Votre pièce rencontre, elle aussi, un joli succès. Heureuse ?
Cela fait trois ans que je tourne cette pièce. Bien sûr qu’on espère le succès, la rencontre avec le public mais ce qui est encore plus fort c’est de voir que le public est touché, ému par le propos. Il rit, il pleure. George Sand, ma vie, son oeuvre est un spectacle qui touche vraiment les gens par son approche de l’amour de la littérature, des femmes libres, des femmes qui s’inventent un destin.
J’aimerais faire beaucoup plus de scolaire mais il y a un truc que je ne m’explique pas entre l’éducation nationale et le théâtre. Les rares fois où des scolaires sont venues, les professeurs étaient fous de joie de voir qu’il était possible de parler de la littérature du 19ème en alliant profondeur et légèreté. Ce spectacle s’adresse vraiment à des jeunes de 16/18 ans. Je serais tellement heureuse que George Sand, ma vie, son oeuvre leur donne envie de lire, de penser, de comprendre combien le combat qu’a mené George Sand reste fondamental.

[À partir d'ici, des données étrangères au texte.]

lemma disc_self_map_coeff2_bound:
  fixes h :: "complex \<Rightarrow> complex"
  assumes holh: "h holomorphic_on ball 0 1"
    and hle: "\<And>z. z \<in> ball 0 1 \<Longrightarrow> norm (h z) \<le> 1"
    and hH: "h has_fps_expansion H"
  shows "norm (H $ 2) \<le> 1 - (norm (H $ 0))^2"
proof -
  obtain u U where u: "u holomorphic_on ball 0 1" "\<And>z. z \<in> ball 0 1 \<Longrightarrow> norm (u z) \<le> 1"
      "u has_fps_expansion U" 
    and H2: "H $ 2 = of_real (1 - (norm (H $ 0))^2) * (U $ 1 - cnj (H $ 0) * (U $ 0)^2)"
    using disc_self_map_schur_step[OF assms] by blast
  have nH0: "norm (H $ 0) \<le> 1" by (rule fps_nth_0_bound_unit_disc[OF hH hle])
  then have r0: "0 \<le> 1 - (norm (H $ 0))^2" by (simp add: abs_square_le_1)
  have "norm (U $ 1 - cnj (H $ 0) * (U $ 0)^2) \<le> norm (U $ 1) + norm (H $ 0) * (norm (U $ 0))^2"
    using norm_triangle_ineq4 by (metis complex_mod_cnj norm_mult norm_power)
  also have "\<dots> \<le> (1 - (norm (U $ 0))^2) + 1 * (norm (U $ 0))^2"
    using disc_self_map_coeff1_bound[OF u] nH0 by (intro add_mono mult_right_mono) auto
  finally have "norm (U $ 1 - cnj (H $ 0) * (U $ 0)^2) \<le> 1" by simp
  then have "(1 - (norm (H $ 0))^2) * norm (U $ 1 - cnj (H $ 0) * (U $ 0)^2) \<le> 1 - (norm (H $ 0))^2"
    using r0 by (simp add: mult_right_le_one_le)
  then show ?thesis
    by (simp only: H2 norm_mult norm_of_real abs_of_nonneg[OF r0])
qed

https://vimeo.com/167310260
Vous jouez en ce moment une toute nouvelle pièce qui met à l’honneur une autre femme de lettres : Françoise par Sagan.

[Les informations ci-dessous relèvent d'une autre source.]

(* For an integer $k\ge 1$ let $\Gamma_k$ be the $k\times k$ grid graph (on $n=k^2$ vertices), and for an integer $n\ge 1$ let $S_n$ be the star on $n$ vertices (one center adjacent to $n-1$ leaves, no other edges). For $\rho>0$ let $\mathrm{HUDG}(\rho)$ be the class of graphs realizable as hyperbolic uniform disk graphs with radius $\rho$. Then: (i) $\Gamma_k\in\mathrm{HUDG}(1/n^3)$ for all $k$, where $n=k^2$; (ii) $S_n\notin\mathrm{HUDG}(1/n^3)$ for all $n\ge 8$; (iii) $\Gamma_k\notin\mathrm{HUDG}(\log n)$ for all $k\ge 5$, where $n=k^2$; (iv) $S_n\in\mathrm{HUDG}(\log n)$ for all $n$. Here $\log$ is the natural logarithm.
   Context: $\mathbb{H}^2$ denotes the hyperbolic plane of Gaussian curvature $-1$. A graph is a hyperbolic uniform disk graph with radius $\rho$ if it is isomorphic to the intersection graph of a finite family of closed hyperbolic disks of radius $\rho$ in $\mathbb{H}^2$, i.e., there are points (centers) assigned injectively to its vertices such that two vertices are adjacent iff their centers have hyperbolic distance at most $2\rho$. *)

theory Defs
  imports Complex_Main
begin

text \<open>Hyperbolic plane of curvature -1, upper half-plane model:
  points are complex numbers with positive imaginary part.\<close>

definition H2 :: "complex set" where
  "H2 = {z. Im z > 0}"

definition hdist :: "complex \<Rightarrow> complex \<Rightarrow> real" where
  "hdist z w = arcosh (1 + (cmod (z - w))\<^sup>2 / (2 * Im z * Im w))"

definition hudg :: "real \<Rightarrow> 'a set \<Rightarrow> ('a \<Rightarrow> 'a \<Rightarrow> bool) \<Rightarrow> bool" where
  "hudg \<rho> V E \<longleftrightarrow> finite V \<and>
     (\<exists>p. inj_on p V \<and> p ` V \<subseteq> H2 \<and>
        (\<forall>u\<in>V. \<forall>v\<in>V. u \<noteq> v \<longrightarrow> (E u v \<longleftrightarrow> hdist (p u) (p v) \<le> 2 * \<rho>)))"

La rencontre s’est faite grâce à Alex Lutz. Je ne renie rien traînait chez lui. C’est un montage des interviews de cette auteure de génie entre 1954 et 1992. Quelques mois plus tard, quelqu’un m’a offert le bouquin et je me suis dit qu’il y avait de quoi en faire une pièce de théâtre. J’ai travaillé le texte, coupé, sélectionné les passages qui me parlaient le plus. Ce qui est intéressant ici c’est que je disparais totalement derrière le personnage de Sagan. Et cela me plaît beaucoup de m’effacer ainsi. Je le joue en ce moment à Avignon après mon passage parisien.
Merci à Caroline Loeb pour ses réponses.